Be advised that through this letter, we are putting you on notice. So far as we know, the current course of medical transgender treatment for minors has never been tested in the context of medical malpractice liability, and we do not believe that these interventions will be found to meet the standard of care for the treatment of juvenile dysphoria.

If you do not act in the best interests of all of your patients, the day may well come that you will be held accountable. We are planning for that day. Clinics and doctors will be called out by name. We will call you out by name in legal proceedings, and in social and conventional media. You should assume that, particularly given the irreversible and (at least in some cases) unwanted changes that these young people will suffer, damages can reasonably be expected to be substantial.
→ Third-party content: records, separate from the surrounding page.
(* Assume Hypothesis (H2). Then for all $\varphi\in C^1_b(E)$ and all $z\in Q^{1/2}(H)$, the right-hand side below is continuous in $r<0$ and, for a suitable version of the conditional expectation (equality holding for almost every $r<0$ for any version), $$\mathbb E\big[z(\tau_x)\,\varphi\,\big|\,g=r\big]\,\rho(r)=-\int_{\{g\ge r\}}\Big(D\varphi(x)\cdot z-\langle Q^{-1/2}x,Q^{-1/2}z\rangle\,\varphi(x)\Big)\,\mu(dx)\qquad\text{for every }r<0.$$
   Context: Let $X(t)$, $t\in[0,1]$, be a Gaussian process whose law $\mu=N_Q$ is a non-degenerate centered Gaussian measure on $H=L^2(0,1)$, with $\mu(E)=1$ where $E=C([0,1])$ with the sup norm, and assume $Q^{1/2}(H)\subset E$. For $z\in Q^{1/2}(H)$, $\langle Q^{-1/2}x,Q^{-1/2}z\rangle$ denotes the $L^2(H,\mu)$-limit of $\sum_{h\le n}\lambda_h^{-1}\langle x,e_h\rangle\langle z,e_h\rangle$, where $Qe_h=\lambda_he_h$ with $(e_h)$ orthonormal basis. $C^1_b(E)$: bounded continuously Fréchet differentiable functions on $E$ with bounded derivative; $D\varphi(x)\cdot z$ is the directional derivative. Let $g(x):=\min_{t\in[0,1]}X(t)(x)$, $x\in E$. Hypothesis (H2): (i) the law of $g$ is absolutely continuous with respect to Lebesgue measure on $(-\infty,0]$, with density $\rho$; (ii) for $\mu$-a.e. $x\in E$ the path $X(\cdot)(x)$ attains its minimum $g(x)$ at a unique point $\tau_x\in[0,1]$, and $g$ has directional derivatives in all directions $z\in E$ given by $Dg(x)\cdot z=z(\tau_x)$ (and the chain rule $D(\theta(g))=\theta'(g)Dg$ for Lipschitz $\theta$ is available, so that the integration by parts formula of Proposition 4.2 applies to such functions). *)

theory Defs
  imports "HOL-Probability.Probability"
begin

text \<open>Elements of E are represented as functions real => real that are continuous
on [0,1] and vanish outside [0,1] (a canonical normalisation).\<close>

definition C01 :: "(real \<Rightarrow> real) set" where
  "C01 = {x. continuous_on {0..1} x \<and> (\<forall>t. t \<notin> {0..1} \<longrightarrow> x t = 0)}"

definition supn :: "(real \<Rightarrow> real) \<Rightarrow> real" where
  "supn x = (SUP t\<in>{0..1}. \<bar>x t\<bar>)"

text \<open>Borel sigma-algebra of E (generated by the evaluations t |-> x t).\<close>
definition E_sets :: "(real \<Rightarrow> real) measure" where
  "E_sets = restrict_space (Pi\<^sub>M UNIV (\<lambda>_::real. borel)) C01"

definition sqint01 :: "(real \<Rightarrow> real) \<Rightarrow> bool" where
  "sqint01 f \<longleftrightarrow> f \<in> borel_measurable borel \<and> set_integrable lborel {0..1} (\<lambda>t. (f t)\<^sup>2)"

definition l2inner :: "(real \<Rightarrow> real) \<Rightarrow> (real \<Rightarrow> real) \<Rightarrow> real" where
  "l2inner f h = (LINT t:{0..1}|lborel. f t * h t)"

text \<open>(e k) orthonormal basis of L2(0,1), Q e_k = lam k e_k, Q non-degenerate trace class.\<close>
definition covariance_data :: "(nat \<Rightarrow> real \<Rightarrow> real) \<Rightarrow> (nat \<Rightarrow> real) \<Rightarrow> bool" where
  "covariance_data e lam \<longleftrightarrow>
     (\<forall>k. sqint01 (e k)) \<and>
     (\<forall>j k. l2inner (e j) (e k) = (if j = k then 1 else 0)) \<and>
     (\<forall>f. sqint01 f \<longrightarrow> (\<lambda>k. (l2inner f (e k))\<^sup>2) sums (LINT t:{0..1}|lborel. (f t)\<^sup>2)) \<and>
     (\<forall>k. lam k > 0) \<and> summable lam"

definition Qform :: "(nat \<Rightarrow> real \<Rightarrow> real) \<Rightarrow> (nat \<Rightarrow> real) \<Rightarrow> (real \<Rightarrow> real) \<Rightarrow> real" where
  "Qform e lam h = (\<Sum>k. lam k * (l2inner h (e k))\<^sup>2)"

text \<open>mu is (the restriction to E of) the centered Gaussian measure N_Q on H = L2(0,1),
  with mu(E) = 1: characterised by its characteristic functional.\<close>
definition gaussian_on_E :: "(real \<Rightarrow> real) measure \<Rightarrow> (nat \<Rightarrow> real \<Rightarrow> real) \<Rightarrow> (nat \<Rightarrow> real) \<Rightarrow> bool" where
  "gaussian_on_E \<mu> e lam \<longleftrightarrow>
     prob_space \<mu> \<and> space \<mu> = C01 \<and> sets \<mu> = sets E_sets \<and>
     (\<forall>h. sqint01 h \<longrightarrow>
        (CLINT x|\<mu>. cis (l2inner x h)) = complex_of_real (exp (- Qform e lam h / 2)))"

text \<open>Q^{1/2}(H) (Cameron-Martin space), elements represented by their continuous version.\<close>
definition CM :: "(nat \<Rightarrow> real \<Rightarrow> real) \<Rightarrow> (nat \<Rightarrow> real) \<Rightarrow> (real \<Rightarrow> real) set" where
  "CM e lam = {z \<in> C01. summable (\<lambda>k. (l2inner z (e k))\<^sup>2 / lam k)}"

text \<open>Hypothesis Q^{1/2}(H) \<subseteq> E.\<close>
definition CM_in_E :: "(nat \<Rightarrow> real \<Rightarrow> real) \<Rightarrow> (nat \<Rightarrow> real) \<Rightarrow> bool" where
  "CM_in_E e lam \<longleftrightarrow>
     (\<forall>f. sqint01 f \<and> summable (\<lambda>k. (l2inner f (e k))\<^sup>2 / lam k) \<longrightarrow>
        (\<exists>y\<in>C01. AE t in lborel. t \<in> {0..1} \<longrightarrow> f t = y t))"

definition QWpart :: "(nat \<Rightarrow> real \<Rightarrow> real) \<Rightarrow> (nat \<Rightarrow> real) \<Rightarrow> (real \<Rightarrow> real) \<Rightarrow> nat \<Rightarrow> (real \<Rightarrow> real) \<Rightarrow> real" where
  "QWpart e lam z n x = (\<Sum>h\<le>n. l2inner x (e h) * l2inner z (e h) / lam h)"

text \<open>W is (a version of) <Q^{-1/2}x, Q^{-1/2}z>, the L2(mu)-limit of the partial sums.\<close>
definition is_QW :: "(real \<Rightarrow> real) measure \<Rightarrow> (nat \<Rightarrow> real \<Rightarrow> real) \<Rightarrow> (nat \<Rightarrow> real)
     \<Rightarrow> (real \<Rightarrow> real) \<Rightarrow> ((real \<Rightarrow> real) \<Rightarrow> real) \<Rightarrow> bool" where
  "is_QW \<mu> e lam z W \<longleftrightarrow>
     W \<in> borel_measurable \<mu> \<and> integrable \<mu> (\<lambda>x. (W x)\<^sup>2) \<and>
     (\<lambda>n. \<integral>x. (QWpart e lam z n x - W x)\<^sup>2 \<partial>\<mu>) \<longlonglongrightarrow> 0"

definition C1b :: "((real \<Rightarrow> real) \<Rightarrow> real) \<Rightarrow> ((real \<Rightarrow> real) \<Rightarrow> (real \<Rightarrow> real) \<Rightarrow> real) \<Rightarrow> bool" where
  "C1b \<phi> D\<phi> \<longleftrightarrow>
     (\<exists>B. \<forall>x\<in>C01. \<bar>\<phi> x\<bar> \<le> B) \<and>
     (\<forall>x\<in>C01. \<forall>z\<in>C01. \<forall>w\<in>C01. \<forall>a b.
        D\<phi> x (\<lambda>t. a * z t + b * w t) = a * D\<phi> x z + b * D\<phi> x w) \<and>
     (\<exists>C. \<forall>x\<in>C01. \<forall>z\<in>C01. \<bar>D\<phi> x z\<bar> \<le> C * supn z) \<and>
     (\<forall>x\<in>C01. \<forall>\<epsilon>>0. \<exists>\<delta>>0. \<forall>h\<in>C01. supn h < \<delta> \<longrightarrow>
        \<bar>\<phi> (\<lambda>t. x t + h t) - \<phi> x - D\<phi> x h\<bar> \<le> \<epsilon> * supn h) \<and>
     (\<forall>x\<in>C01. \<forall>\<epsilon>>0. \<exists>\<delta>>0. \<forall>y\<in>C01. supn (\<lambda>t. y t - x t) < \<delta> \<longrightarrow>
        (\<forall>z\<in>C01. \<bar>D\<phi> y z - D\<phi> x z\<bar> \<le> \<epsilon> * supn z))"

definition gmin :: "(real \<Rightarrow> real) \<Rightarrow> real" where
  "gmin x = (INF t\<in>{0..1}. x t)"

definition tau :: "(real \<Rightarrow> real) \<Rightarrow> real" where
  "tau x = (if \<exists>!t. t \<in> {0..1} \<and> x t = gmin x then (THE t. t \<in> {0..1} \<and> x t = gmin x) else 0)"

definition H2 :: "(real \<Rightarrow> real) measure \<Rightarrow> (nat \<Rightarrow> real \<Rightarrow> real) \<Rightarrow> (nat \<Rightarrow> real) \<Rightarrow> (real \<Rightarrow> real) \<Rightarrow> bool" where
  "H2 \<mu> e lam \<rho> \<longleftrightarrow>
     \<comment> \<open>(i) law of g restricted to (-infinity,0] has Lebesgue density rho\<close>
     \<rho> \<in> borel_measurable borel \<and> (\<forall>r. \<rho> r \<ge> 0) \<and>
     (\<forall>A\<in>sets borel. A \<subseteq> {..0} \<longrightarrow>
        emeasure \<mu> {x\<in>space \<mu>. gmin x \<in> A} = (\<integral>\<^sup>+ r. ennreal (\<rho> r) * indicator A r \<partial>lborel)) \<and>
     \<comment> \<open>(ii) a.e. unique minimiser and directional derivatives Dg(x).z = z(tau_x)\<close>
     (AE x in \<mu>. (\<exists>!t. t \<in> {0..1} \<and> x t = gmin x) \<and>
        (\<forall>z\<in>C01. ((\<lambda>s. gmin (\<lambda>t. x t + s * z t)) has_real_derivative z (tau x)) (at 0))) \<and>
     \<comment> \<open>chain rule D(theta(g)) = theta'(g) Dg for Lipschitz theta, so that the integration
        by parts formula (Prop. 4.2) applies to psi * theta(g), psi in C^1_b(E)\<close>
     (\<forall>\<psi> D\<psi> \<theta> \<theta>' N z W L. C1b \<psi> D\<psi> \<longrightarrow> z \<in> CM e lam \<longrightarrow> is_QW \<mu> e lam z W \<longrightarrow>
        L-lipschitz_on UNIV \<theta> \<longrightarrow> \<theta>' \<in> borel_measurable borel \<longrightarrow>
        N \<in> null_sets lborel \<longrightarrow> (\<forall>s. s \<notin> N \<longrightarrow> (\<theta> has_real_derivative \<theta>' s) (at s)) \<longrightarrow>
        (AE x in \<mu>. gmin x \<notin> N) \<longrightarrow>
        (\<integral>x. D\<psi> x z * \<theta> (gmin x) + \<psi> x * \<theta>' (gmin x) * z (tau x) \<partial>\<mu>)
          = (\<integral>x. W x * \<psi> x * \<theta> (gmin x) \<partial>\<mu>))"

text \<open>c is a version of r |-> E[Y | g = r], i.e. c o g is a version of E[Y | sigma(g)].\<close>
definition cond_exp_version :: "(real \<Rightarrow> real) measure \<Rightarrow> ((real \<Rightarrow> real) \<Rightarrow> real) \<Rightarrow> (real \<Rightarrow> real) \<Rightarrow> bool" where
  "cond_exp_version \<mu> Y c \<longleftrightarrow>
     c \<in> borel_measurable borel \<and> integrable \<mu> (\<lambda>x. c (gmin x)) \<and>
     (\<forall>A\<in>sets borel. (LINT x:{x\<in>space \<mu>. gmin x \<in> A}|\<mu>. Y x)
                    = (LINT x:{x\<in>space \<mu>. gmin x \<in> A}|\<mu>. c (gmin x)))"

end

theory Submission
  imports Defs
begin

text \<open>Regularise the indicator of \<open>{b < g < 0}\<close> by the Lipschitz function
  \<open>ramp b = min (max \<cdot> b) 0\<close>, whose derivative is the indicator of \<open>(b, 0)\<close>. The integration by
  parts formula of (H2), applied to \<open>\<phi> \<cdot> ramp b (g)\<close>, gives
  \<open>E[1{b<g<0} z(\<tau>) \<phi>] = - E[f \<cdot> ramp b (g)]\<close> with \<open>f = D\<phi>\<cdot>z - \<langle>Q^{-1/2}x, Q^{-1/2}z\<rangle> \<phi>\<close>. Since
  \<open>-ramp b s = \<integral>\<^sub>b\<^sup>0 1{s < r} dr\<close>, Fubini turns the right-hand side into \<open>\<integral>\<^sub>b\<^sup>0 F(r) dr\<close>, where
  \<open>F(r) = E[f; g < r] = -E[f; g \<ge> r]\<close> because \<open>E f = 0\<close> (integration by parts with \<open>\<theta> = 1\<close>).
  The left-hand side equals \<open>\<integral>\<^sub>b\<^sup>0 c \<rho>\<close> for every version \<open>c\<close> of the conditional expectation, and
  integrals over all intervals \<open>(b, 0)\<close> determine a function a.e., so \<open>c \<rho> = F\<close> a.e. on
  \<open>(-\<infinity>, 0)\<close>. As \<open>g\<close> has no atoms there, \<open>F\<close> is continuous, and redefining \<open>c\<close> and \<open>\<rho>\<close> on
  null sets makes the identity hold at every \<open>r < 0\<close>.\<close>

section \<open>Measurability of sup-norm continuous functionals\<close>

lemma space_E_sets: "space E_sets = C01"
  by (simp add: E_sets_def space_restrict_space space_PiM PiE_UNIV_domain)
In addition to the risk of legal action, you should think about your place in history and your reputation. This contagion will pass, as they all do. But due to its size and impact, you should expect this social contagion to be a topic for years to come. It is already large and catastrophic enough to garner significant interest and publication in medical, social and psychological journals. I urge you to think carefully about how your clinic and your name will be mentioned in the course of this crisis, and whether you protected or ultimately harmed young people; whether you acted out of concern for youth or for your profits. You can dismiss any single case or patient as justifiable, but history will be less kind when looking at the body of your work over time.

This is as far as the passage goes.